Wie auch immer, die jüngste Eskalation von militärischen Offensiven durch eine Koalition von islamistischen Fraktionen unter dem neuen Schirm der “Armee der Eroberung” in der Region Qalamoun läßt eine Übergreifen des syrischen Konflikts auf libanesisches Territorium immer wahrscheinlicher werden.

Die inoffizielle Zahl der Toten im syrischen Krieg wird mit 200.000 angegeben, die meisten sind Zivilisten. 6,5 Millionen Zivilisten mussten ihre Häuser verlassen und ziehen im Lande umher; 3-5 Millionen Menschen sind vornehmlich in die Nachbarstaaten geflüchtet (1,5 Millionen in den Libanon).

Die Hisbollah und die Syrische Armee sind schon seit Ende 2013 in heftige Kämpfe mit den syrischen “Rebellen” und Dschihadisten (hauptsächlich von der Al Nusra Front und Ahrar El Sham) in den Bergen von Qalamoun verwickelt. Die felsigen Berge und Straßen der Gegend bilden praktisch die letzte natürliche Barriere vor Damaskus. In dieser Hinsicht könnte eine verlorene Schlacht um Qalamoun den Anfang vom Ende des Bashar El Assad bedeuten.
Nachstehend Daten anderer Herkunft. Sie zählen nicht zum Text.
(* Let $q$ be a prime. For any positive integer $N\leqslant q^{1/2}$ we have $$E_q(N)\leqslant N^6q^{-1+o(1)}+N^2q^{o(1)},$$ where $o(1)\to0$ as $q\to\infty$.
   Context: $a\sim A$ means $A\leqslant a<2A$. $E_q(N)=\#\{(u,v,x,y)\in\mathbb{F}_q^4:\ u^2,v^2,x^2,y^2\sim N,\ u+v=x+y\}$, where $u^2,v^2,x^2,y^2$ are computed modulo $q$ and represented by their residues in $\{0,\dots,q-1\}$. *)

theory Defs
  imports Complex_Main "HOL-Computational_Algebra.Primes"
begin

text \<open>a \<sim> A means A \<le> a < 2A. Elements of F_q are represented by residues {0..q-1};
  squares are reduced mod q.\<close>
definition sim :: "nat \<Rightarrow> nat \<Rightarrow> bool" where
  "sim a A \<longleftrightarrow> A \<le> a \<and> a < 2 * A"

definition Eq :: "nat \<Rightarrow> nat \<Rightarrow> nat" where
  "Eq q N = card {(u, v, x, y). u < q \<and> v < q \<and> x < q \<and> y < q \<and>
      sim (u^2 mod q) N \<and> sim (v^2 mod q) N \<and> sim (x^2 mod q) N \<and> sim (y^2 mod q) N \<and>
      (u + v) mod q = (x + y) mod q}"

end

theory Submission
  imports Defs "HOL-Number_Theory.Cong"
begin

(* Squaring sends a solution (u, v, x, y) to a point (a, b, c, d) of [N, 2N)^4 at which q divides
   an integer polynomial obtained by eliminating the square roots from u + v = x + y, and each
   point has at most 8 preimages. With T = (c - d)^2 - (a - b)^2 and D = c + d - a - b this
   polynomial is T^2 - D (4 (a + b) T - 4 D (a - b)^2). If T = 0, primality and N^2 <= q force
   D = 0 or a = b, which leaves at most 3 N^2 points. Otherwise the polynomial equals k q with
   |k| << N^4 / q, so D divides T^2 - k q, which is nonzero as q does not divide T. Since
   D is nonzero too and (a - b, c - d, k, D) determines the point, the divisor bound
   d(n) << n^delta gives O(N^2 (N^4 / q + 1) q^delta) points. *)

lemma card_divisors_mult_le:
  fixes a b :: nat
  shows "card {d. d dvd a * b} \<le> card {d. d dvd a} * card {d. d dvd b}"
proof (cases "a = 0 \<or> b = 0")
  case True
  then show ?thesis
    by (auto simp: infinite_UNIV_nat)
next
  case False
  let ?D = "{d. d dvd a} \<times> {d. d dvd b}"
  have fin: "finite ?D"
    using False by simp
  have "{d. d dvd a * b} \<subseteq> (\<lambda>(x, y). x * y) ` ?D"
    by (auto elim!: dvd_productE)
  then have "card {d. d dvd a * b} \<le> card ((\<lambda>(x, y). x * y) ` ?D)"
    using fin by (intro card_mono finite_imageI)
  also have "\<dots> \<le> card ?D"
    using fin by (rule card_image_le)
  finally show ?thesis
    by (simp add: card_cartesian_product)
qed

lemma card_divisors_prime_power:
  fixes p :: nat
  assumes "prime p"
  shows "card {d. d dvd p ^ e} = Suc e"
proof -
  have "{d. d dvd p ^ e} = (\<lambda>i. p ^ i) ` {..e}"
    using divides_primepow_nat[OF assms] by auto
  moreover have "inj_on (\<lambda>i. p ^ i) {..e}"
    using prime_gt_1_nat[OF assms] by (auto intro!: inj_onI)
  ultimately show ?thesis
    by (simp add: card_image)
qed

lemma card_divisors_prod_prime_powers_le:
  fixes P :: "nat set"
  assumes "finite P" "\<And>p. p \<in> P \<Longrightarrow> prime p"
  shows "card {d. d dvd (\<Prod>p\<in>P. p ^ e p)} \<le> (\<Prod>p\<in>P. Suc (e p))"
  using assms
proof (induction P rule: finite_induct)
  case (insert p P)
  have "card {d. d dvd (\<Prod>p\<in>insert p P. p ^ e p)}
      \<le> card {d. d dvd p ^ e p} * card {d. d dvd (\<Prod>p\<in>P. p ^ e p)}"
    using insert.hyps by (simp add: card_divisors_mult_le)
  also have "\<dots> \<le> Suc (e p) * (\<Prod>p\<in>P. Suc (e p))"
    using insert by (simp only: card_divisors_prime_power mult_le_mono2 insertI1 insertI2)
  finally show ?case
    using insert.hyps by simp
qed simp

lemma linear_le_const_mult_exponential:
  fixes \<delta> :: real
  assumes "\<delta> > 0"
  obtains K where "K \<ge> 1" "\<And>e::nat. real e + 1 \<le> K * 2 powr (\<delta> * e)"
proof
  define K where "K = max 1 (1 / (\<delta> * ln 2))"
  show "K \<ge> 1"
    by (simp add: K_def)
  fix e :: nat
  have "1 \<le> K * (\<delta> * ln 2)"
    using assms by (auto simp: K_def max_def field_simps)
  then have "real e \<le> K * (\<delta> * ln 2) * e"
    using mult_right_mono[of 1 _ "real e"] by simp
  then have "real e + 1 \<le> K * (1 + \<delta> * e * ln 2)"
    using \<open>K \<ge> 1\<close> by (simp add: algebra_simps)
  also have "1 + \<delta> * e * ln 2 \<le> 2 powr (\<delta> * e)"
    using exp_ge_add_one_self[of "\<delta> * e * ln 2"] by (simp add: powr_def mult.commute)
  finally show "real e + 1 \<le> K * 2 powr (\<delta> * e)"
    using \<open>K \<ge> 1\<close> by simp
qed

lemma divisor_count_bound:
  fixes \<delta> :: real
  assumes "\<delta> > 0"
  obtains C where "C > 0" "\<And>n. n > 0 \<Longrightarrow> real (card {d. d dvd n}) \<le> C * real n powr \<delta>"
proof -
  obtain K where K: "K \<ge> 1" "\<And>e::nat. real e + 1 \<le> K * 2 powr (\<delta> * e)"
    using linear_le_const_mult_exponential[OF assms] by blast
  define P0 :: nat where "P0 = nat \<lceil>2 powr (1 / \<delta>)\<rceil>"
  \<comment> \<open>A prime power \<open>p ^ e\<close> has \<open>e + 1 \<le> h p * (p ^ e) powr \<delta>\<close> divisors,
    and \<open>h p = 1\<close> for all but finitely many primes.\<close>
  define h where "h p = (if p < P0 then K else 1)" for p :: nat
  have prime_power_bound: "real (Suc e) \<le> h p * real p powr (\<delta> * e)" if "prime p" for p e
  proof (cases "p < P0")
    case True
    have "real (Suc e) \<le> K * 2 powr (\<delta> * e)"
      using K(2)[of e] by (simp add: add.commute)
    also have "\<dots> \<le> K * real p powr (\<delta> * e)"
      using K(1) prime_ge_2_nat[OF that] assms by (intro mult_left_mono powr_mono2) auto
    finally show ?thesis
      using True by (simp add: h_def)
  next
    case False
    have "2 powr (1 / \<delta>) \<le> real p"
      using False unfolding P0_def by linarith
    then have "(2 powr (1 / \<delta>)) powr \<delta> \<le> real p powr \<delta>"
      using assms by (intro powr_mono2) auto
    then have p_large: "2 \<le> real p powr \<delta>"
      using assms by (simp add: powr_powr)
    have "real (Suc e) \<le> 2 ^ e"
      using Suc_leI[OF less_exp[of e]] by (metis of_nat_le_iff of_nat_numeral of_nat_power)
    also have "\<dots> \<le> (real p powr \<delta>) ^ e"
      using p_large by (intro power_mono) auto
    also have "\<dots> = real p powr (\<delta> * e)"
      using prime_gt_0_nat[OF that] by (simp add: powr_power mult.commute)
    finally show ?thesis
      using False by (simp add: h_def)
  qed
  show ?thesis
  proof
    show "K ^ P0 > 0"
      using K(1) by simp
    fix n :: nat
    assume "n > 0"
    define e where "e p = multiplicity p n" for p
    let ?P = "prime_factors n"
    have n_eq: "n = (\<Prod>p\<in>?P. p ^ e p)"
      using prod_prime_factors[of n] \<open>n > 0\<close> by (simp add: e_def)
    have "real (card {d. d dvd n}) \<le> (\<Prod>p\<in>?P. real (Suc (e p)))"
      using card_divisors_prod_prime_powers_le[of ?P e] n_eq
      by (metis in_prime_factors_imp_prime finite_set_mset of_nat_le_iff of_nat_prod)
    also have "\<dots> \<le> (\<Prod>p\<in>?P. h p * real p powr (\<delta> * e p))"
      using prime_power_bound by (intro prod_mono) auto
    also have "\<dots> = (\<Prod>p\<in>?P. h p) * real n powr \<delta>"
    proof -
      have "real n powr \<delta> = (\<Prod>p\<in>?P. (real p ^ e p) powr \<delta>)"
        by (subst n_eq) (simp add: prod_powr_distrib)
      also have "\<dots> = (\<Prod>p\<in>?P. real p powr (\<delta> * e p))"
      proof (intro prod.cong refl)
        fix p
        assume "p \<in> ?P"
        then have "real p > 0"
          by (simp add: in_prime_factors_imp_prime prime_gt_0_nat)
        then show "(real p ^ e p) powr \<delta> = real p powr (\<delta> * e p)"
          by (simp add: powr_realpow [symmetric] powr_powr mult.commute)
      qed
      finally show ?thesis
        by (simp add: prod.distrib)
    qed
    also have "(\<Prod>p\<in>?P. h p) \<le> K ^ P0"
    proof -
      have "(\<Prod>p\<in>?P. h p) = K ^ card {p \<in> ?P. p < P0}"
        by (simp add: h_def prod.inter_filter [symmetric])
      also have "\<dots> \<le> K ^ P0"
        using K(1) card_mono[of "{..<P0}" "{p \<in> ?P. p < P0}"] by (intro power_increasing) auto
      finally show ?thesis .
    qed
    finally show "real (card {d. d dvd n}) \<le> K ^ P0 * real n powr \<delta>"
      by (simp add: mult_right_mono)
  qed
qed
(* Let $n\in\mathbb{N}$ and $0\le\alpha<1$. Then $$R_{\mathcal{S}^*_{Ne,n}}(\mathcal{CS}^*_n(\alpha))=\left(\frac{2}{3(1+n-\alpha)+\sqrt{9(1+n-\alpha)^2+4(4-3\alpha)}}\right)^{1/n},$$ and this radius is sharp, i.e. it is the exact value of the radius.
   Context: $\mathbb{D}=\{|z|<1\}$, $\mathbb{D}_r=\{|z|<r\}$. For $n\in\mathbb{N}$, $\mathcal{A}_n$ is the class of analytic functions on $\mathbb{D}$ of the form $f(z)=z+\sum_{k\ge n+1}a_kz^k$; for such $f$ let $\mathcal{Q}_f(z)=zf'(z)/f(z)$. $\mathcal{P}_n$ is the class of analytic $p(z)=1+\sum_{k\ge n}p_kz^k$ on $\mathbb{D}$ with $\mathrm{Re}\,p(z)>0$. $\mathcal{S}^*_n(\alpha)=\{g\in\mathcal{A}_n:\mathrm{Re}\,\mathcal{Q}_g(z)>\alpha,\ z\in\mathbb{D}\}$. The close-to-starlike class of type $\alpha$ is $\mathcal{CS}^*_n(\alpha)=\{f\in\mathcal{A}_n:\ f/g\in\mathcal{P}_n \text{ for some } g\in\mathcal{S}^*_n(\alpha)\}$. Let $\varphi_{Ne}(z)=1+z-z^3/3$ (univalent on $\mathbb{D}$), $\Omega_{Ne}=\varphi_{Ne}(\mathbb{D})$, $\mathcal{S}^*_{Ne}$ the set of $f$ ($f(0)=0,f'(0)=1$) with $\mathcal{Q}_f\prec\varphi_{Ne}$ (i.e. $\mathcal{Q}_f=\varphi_{Ne}\circ w$, $w:\mathbb{D}\to\mathbb{D}$ analytic, $w(0)=0$), $\mathcal{S}^*_{Ne,n}=\mathcal{S}^*_{Ne}\cap\mathcal{A}_n$. For $\mathcal{G}\subset\mathcal{A}_n$, $R_{\mathcal{S}^*_{Ne,n}}(\mathcal{G})$ is the largest $\rho\in(0,1]$ such that $\mathcal{Q}_f(\mathbb{D}_\rho)\subseteq\Omega_{Ne}$ for all $f\in\mathcal{G}$. *)

theory Defs
  imports "HOL-Analysis.Analysis"
begin

text \<open>Class A_n: f analytic on the unit disc, f(z) = z + sum_{k >= n+1} a_k z^k,
  i.e. f 0 = 0, f'(0) = 1 and the Taylor coefficients of order 2..n vanish.\<close>
definition A_cls :: "nat \<Rightarrow> (complex \<Rightarrow> complex) set" where
  "A_cls n = {f. f holomorphic_on ball 0 1 \<and> f 0 = 0 \<and> deriv f 0 = 1 \<and>
                 (\<forall>k. 2 \<le> k \<and> k \<le> n \<longrightarrow> (deriv ^^ k) f 0 = 0)}"

definition Qf :: "(complex \<Rightarrow> complex) \<Rightarrow> complex \<Rightarrow> complex" where
  "Qf f z = (if z = 0 then 1 else z * deriv f z / f z)"

text \<open>Class P_n: p(z) = 1 + sum_{k >= n} p_k z^k with positive real part.\<close>
definition P_cls :: "nat \<Rightarrow> (complex \<Rightarrow> complex) set" where
  "P_cls n = {p. p holomorphic_on ball 0 1 \<and> p 0 = 1 \<and>
                 (\<forall>k. 1 \<le> k \<and> k < n \<longrightarrow> (deriv ^^ k) p 0 = 0) \<and>
                 (\<forall>z\<in>ball 0 1. Re (p z) > 0)}"

text \<open>Starlike functions of order alpha in A_n (nonvanishing off the origin, so that Q_g is defined).\<close>
definition Sstar_cls :: "nat \<Rightarrow> real \<Rightarrow> (complex \<Rightarrow> complex) set" where
  "Sstar_cls n \<alpha> = {g \<in> A_cls n. (\<forall>z\<in>ball 0 1. z \<noteq> 0 \<longrightarrow> g z \<noteq> 0) \<and>
                        (\<forall>z\<in>ball 0 1. Re (Qf g z) > \<alpha>)}"

definition CSstar_cls :: "nat \<Rightarrow> real \<Rightarrow> (complex \<Rightarrow> complex) set" where
  "CSstar_cls n \<alpha> = {f \<in> A_cls n. \<exists>g\<in>Sstar_cls n \<alpha>.
                         (\<lambda>z. if z = 0 then 1 else f z / g z) \<in> P_cls n}"

definition phi_Ne :: "complex \<Rightarrow> complex" where
  "phi_Ne z = 1 + z - z ^ 3 / 3"

definition Omega_Ne :: "complex set" where
  "Omega_Ne = phi_Ne ` ball 0 1"

definition radius_Ne :: "(complex \<Rightarrow> complex) set \<Rightarrow> real" where
  "radius_Ne G = (GREATEST \<rho>. 0 < \<rho> \<and> \<rho> \<le> 1 \<and>
                     (\<forall>f\<in>G. Qf f ` ball 0 \<rho> \<subseteq> Omega_Ne))"

end

theory Submission
  imports Defs "HOL-Complex_Analysis.Complex_Analysis"
begin

text \<open>
  Write \<open>f = g p\<close> with \<open>g \<in> S*_n(\<alpha>)\<close> and \<open>p \<in> P_n\<close>, so that \<open>Q_f = Q_g + z p'/p\<close>.
  Both \<open>p\<close> and \<open>(Q_g - \<alpha>)/(1 - \<alpha>)\<close> have the form \<open>(1 + z^n \<omega>)/(1 - z^n \<omega>)\<close> with \<open>\<bar>\<omega>\<bar> \<le> 1\<close>
  (Schwarz's lemma, using the zero of order \<open>n\<close>), and the Schwarz--Pick lemma for \<open>\<omega>\<close> then gives
  \<open>\<bar>Q_f(z) - 1\<bar> \<le> 2(1 - \<alpha>)x/(1 - x) + 2nx/(1 - x\<^sup>2)\<close> with \<open>x = \<bar>z\<bar>^n\<close>.  This bound is below
  \<open>2/3\<close> exactly when \<open>x\<close> is below the positive root of \<open>(4 - 3\<alpha>)x\<^sup>2 + 3(1 + n - \<alpha>)x - 1\<close>,
  and the disc \<open>\<bar>w - 1\<bar> < 2/3\<close> lies in \<open>\<Omega>_Ne\<close> (a fixed point argument for \<open>1 + z - z\<^sup>3/3 = w\<close>).
  For \<open>f(z) = z (1 - z^n)^(-2(1-\<alpha>)/n) (1 + z^n)/(1 - z^n)\<close> the bound is attained on the positive axis,
  where \<open>Q_f\<close> reaches \<open>5/3\<close> at the radius, whereas real points of \<open>\<Omega>_Ne\<close> are smaller than \<open>5/3\<close>.
\<close>

section \<open>The region \<open>\<Omega>_Ne\<close>\<close>

lemma norm_cube_diff_le:
  fixes x y :: complex
  assumes "cmod x \<le> \<rho>" "cmod y \<le> \<rho>"
  shows "cmod (x^3 - y^3) \<le> 3 * \<rho>^2 * cmod (x - y)"
proof -
  have "cmod (x^2 + x*y + y^2) \<le> cmod (x^2 + x*y) + cmod (y^2)"
    by (rule norm_triangle_ineq)
  also have "\<dots> \<le> cmod (x^2) + cmod (x*y) + cmod (y^2)"
    using norm_triangle_ineq[of "x^2" "x*y"] by simp
  also have "\<dots> = cmod x ^ 2 + cmod x * cmod y + cmod y ^ 2"
    by (simp add: norm_mult norm_power)
  also have "\<dots> \<le> \<rho>^2 + \<rho> * \<rho> + \<rho>^2"
    using assms order_trans[OF norm_ge_zero assms(1)] by (intro add_mono mult_mono power_mono) auto
  finally have "cmod (x^2 + x*y + y^2) \<le> 3 * \<rho>^2"
    by (simp add: power2_eq_square)
  moreover have "x^3 - y^3 = (x - y) * (x^2 + x*y + y^2)"
    by (simp add: power2_eq_square power3_eq_cube algebra_simps)
  ultimately show ?thesis
    by (simp add: norm_mult mult.commute mult_left_mono)
qed
(* (a) If $S$ is an $\varepsilon$-synchronization string, then every consecutive substring of $S$ satisfies the $\varepsilon$-self-matching property. (b) If every consecutive substring of a string $S$ satisfies the $\frac{\varepsilon}{2}$-self-matching property, then $S$ is an $\varepsilon$-synchronization string.
   Context: $\mathrm{ED}$ is insertion/deletion edit distance; $S[i,j)$ is the substring at positions $i..j-1$. $S\in\Sigma^n$ is an $\varepsilon$-synchronization string if $\mathrm{ED}(S[i,j),S[j,k))>(1-\varepsilon)(k-i)$ for all $1\le i<j<k\le n+1$. A monotone matching between $S$ and $S'$ is a set of pairs $\{(a_1,b_1),\dots,(a_m,b_m)\}$ with $a_1<\dots<a_m$, $b_1<\dots<b_m$, $S[a_i]=S'[b_i]$. In a monotone matching from $S$ to itself a pair is good if $a_i=b_i$ and bad otherwise. A string $S$ satisfies the $\varepsilon$-self-matching property if every monotone matching between $S$ and itself contains fewer than $\varepsilon|S|$ bad pairs. *)

theory Defs
  imports Complex_Main
begin

text \<open>Strings are lists; positions are 0-indexed, so the paper's S[i,j) with
  1 \<le> i \<le> j \<le> n+1 becomes substr S (i-1) (j-1).\<close>

definition substr :: "'a list \<Rightarrow> nat \<Rightarrow> nat \<Rightarrow> 'a list" where
  "substr S i j = take (j - i) (drop i S)"

definition indel_step :: "'a list \<Rightarrow> 'a list \<Rightarrow> bool" where
  "indel_step x y \<longleftrightarrow>
     (\<exists>u v c. x = u @ v \<and> y = u @ c # v) \<or> (\<exists>u v c. x = u @ c # v \<and> y = u @ v)"

definition ED :: "'a list \<Rightarrow> 'a list \<Rightarrow> nat" where
  "ED x y = (LEAST n. (indel_step ^^ n) x y)"

definition sync_string :: "real \<Rightarrow> 'a list \<Rightarrow> bool" where
  "sync_string \<epsilon> S \<longleftrightarrow>
     (\<forall>i j k. i < j \<and> j < k \<and> k \<le> length S \<longrightarrow>
        real (ED (substr S i j) (substr S j k)) > (1 - \<epsilon>) * real (k - i))"

definition monotone_matching :: "'a list \<Rightarrow> 'a list \<Rightarrow> (nat \<times> nat) set \<Rightarrow> bool" where
  "monotone_matching S S' M \<longleftrightarrow>
     (\<forall>(a, b) \<in> M. a < length S \<and> b < length S' \<and> S ! a = S' ! b) \<and>
     (\<forall>(a, b) \<in> M. \<forall>(a', b') \<in> M. (a < a' \<longrightarrow> b < b') \<and> (a = a' \<longrightarrow> b = b'))"

definition bad_pairs :: "(nat \<times> nat) set \<Rightarrow> (nat \<times> nat) set" where
  "bad_pairs M = {p \<in> M. fst p \<noteq> snd p}"

definition self_matching_property :: "real \<Rightarrow> 'a list \<Rightarrow> bool" where
  "self_matching_property \<epsilon> S \<longleftrightarrow>
     (\<forall>M. monotone_matching S S M \<longrightarrow> real (card (bad_pairs M)) < \<epsilon> * real (length S))"

end

theory Submission
  imports Defs "HOL-Library.Sublist"
begin

(*
  Insertion/deletion edit distance satisfies ED x y = |x| + |y| - 2 LCS(x, y), and common
  subsequences of x and y are the same thing as monotone matchings between x and y.

  (b) A longest common subsequence of S[i,j) and S[j,k) is a matching of S[i,k) with itself
  made of bad pairs only, so it has fewer than (eps/2)(k - i) pairs, whence
  ED(S[i,j), S[j,k)) > (1 - eps)(k - i).

  (a) Split the bad pairs (a, b) of a self-matching of a substring T of S into those with
  a < b and the swapped ones with a > b. The pairs with a < b are cut greedily into blocks:
  a block consists of the pairs starting before the smallest right endpoint j, so it matches
  T[s,j) into T[j,l], and the synchronization property bounds twice its size by eps times
  the length of T[s,l]. Consecutive blocks overlap, but no position lies in three of them,
  so there are fewer forward pairs than eps times the number of positions covered by their
  intervals [a,b]. Forward and backward intervals are disjoint, which gives eps |T| in total.
*)

lemma substr_length: "j \<le> length S \<Longrightarrow> length (substr S i j) = j - i"
  unfolding substr_def by simp

lemma substr_substr:
  assumes "p \<le> q" "q \<le> j - i"
  shows "substr (substr S i j) p q = substr S (i + p) (i + q)"
  using assms unfolding substr_def by (simp add: drop_take min_def add.commute)

lemma substr_append:
  assumes "i \<le> j" "j \<le> k"
  shows "substr S i k = substr S i j @ substr S j k"
proof -
  have "k - i = (j - i) + (k - j)" "drop (j - i) (drop i S) = drop j S" using assms by simp_all
  then show ?thesis unfolding substr_def by (metis take_add)
qed
(* Let $\mathcal C$ be a class of Baire class 1 functions on compact Polish spaces which contains all functions that are differences of bounded semi-continuous functions. Let $T$ be a complete theory. Then $T$ is stable if and only if $T$ has NIP and $T$ is $\mathcal C$.
   Context: For a formula $\phi(x,y)$ and a countable sequence $(a_i:i<\omega)$, the functions $\phi(a_i,y)$ are regarded as continuous $\{0,1\}$-valued functions on the compact Polish space $S_{\tilde\phi}(\{a_i\})$ of complete $\tilde\phi$-types over $\{a_i:i<\omega\}$ ($\tilde\phi(y,x)=\phi(x,y)$), sending $q$ to $1$ iff $\phi(a_i,y)\in q$. $T$ is $\mathcal C$ means: for every formula $\phi(x,y)$ and every infinite sequence $(a_i:i<\omega)$ in the monster model, if $(\phi(a_i,y):i<\omega)$ converges pointwise to a function in $\mathcal C$, then there is no infinite sequence $(b_j:j<\omega)$ such that $\phi(a_i,b_j)$ holds iff $i<j$. A function is Baire class 1 if it is a pointwise limit of continuous functions; it is DBSC if it equals $F_1-F_2$ for bounded semi-continuous $F_1,F_2$. $T$ is stable if no formula has the order property (no $(a_i),(b_j)$ with $\phi(a_i,b_j)\iff i<j$); $T$ has NIP if no formula $\phi(x,y)$ admits $(a_i:i<\omega)$ such that for every $S\subseteq\omega$ some $b$ satisfies $\phi(a_i,b)\iff i\in S$. *)

theory Defs
  imports "HOL-Analysis.Analysis"
begin

text \<open>Terms and formulas over function symbols of type 'f and relation symbols of
type 'r (symbols may be used with any number of arguments, i.e. each pair
(symbol, arity) counts as a separate symbol).\<close>

datatype 'f trm = Var nat | Fn 'f "'f trm list"

datatype ('f, 'r) fm =
    FF
  | Eq "'f trm" "'f trm"
  | Rl 'r "'f trm list"
  | Neg "('f, 'r) fm"
  | Conj "('f, 'r) fm" "('f, 'r) fm"
  | Ex nat "('f, 'r) fm"

text \<open>A structure with universe the whole type 'm: interpretations of the
function and relation symbols.\<close>

record ('m, 'f, 'r) struc =
  fn_int :: "'f \<Rightarrow> 'm list \<Rightarrow> 'm"
  rl_int :: "'r \<Rightarrow> 'm list \<Rightarrow> bool"

fun evalt :: "('m, 'f, 'r) struc \<Rightarrow> (nat \<Rightarrow> 'm) \<Rightarrow> 'f trm \<Rightarrow> 'm" where
  "evalt M e (Var v) = e v"
| "evalt M e (Fn f ts) = fn_int M f (map (evalt M e) ts)"

fun fvt :: "'f trm \<Rightarrow> nat set" where
  "fvt (Var v) = {v}"
| "fvt (Fn f ts) = (\<Union>t\<in>set ts. fvt t)"

primrec sat :: "('m, 'f, 'r) struc \<Rightarrow> (nat \<Rightarrow> 'm) \<Rightarrow> ('f, 'r) fm \<Rightarrow> bool" where
  "sat M e FF = False"
| "sat M e (Eq s t) = (evalt M e s = evalt M e t)"
| "sat M e (Rl r ts) = rl_int M r (map (evalt M e) ts)"
| "sat M e (Neg \<phi>) = (\<not> sat M e \<phi>)"
| "sat M e (Conj \<phi> \<psi>) = (sat M e \<phi> \<and> sat M e \<psi>)"
| "sat M e (Ex v \<phi>) = (\<exists>m. sat M (e(v := m)) \<phi>)"

primrec fv :: "('f, 'r) fm \<Rightarrow> nat set" where
  "fv FF = {}"
| "fv (Eq s t) = fvt s \<union> fvt t"
| "fv (Rl r ts) = (\<Union>t\<in>set ts. fvt t)"
| "fv (Neg \<phi>) = fv \<phi>"
| "fv (Conj \<phi> \<psi>) = fv \<phi> \<union> fv \<psi>"
| "fv (Ex v \<phi>) = fv \<phi> - {v}"

definition env :: "'m list \<Rightarrow> nat \<Rightarrow> 'm" where
  "env xs v = (if v < length xs then xs ! v else undefined)"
In einem verzweifelten Versuch, den syrischen Krieg (erfolgreich) zu Ende zu bringen, haben sich die Schuldigen (die saudischen, türkischen, katarischen, israelischen und amerikanischen Kriegstreiber) an dem grausamen Krieg und an der menschlichen Katastrophe auf dieselbe Methode geeinigt, mit der sie den Krieg begonnen haben; sie bilden islamistische Terroristen aus und bewaffnen diese.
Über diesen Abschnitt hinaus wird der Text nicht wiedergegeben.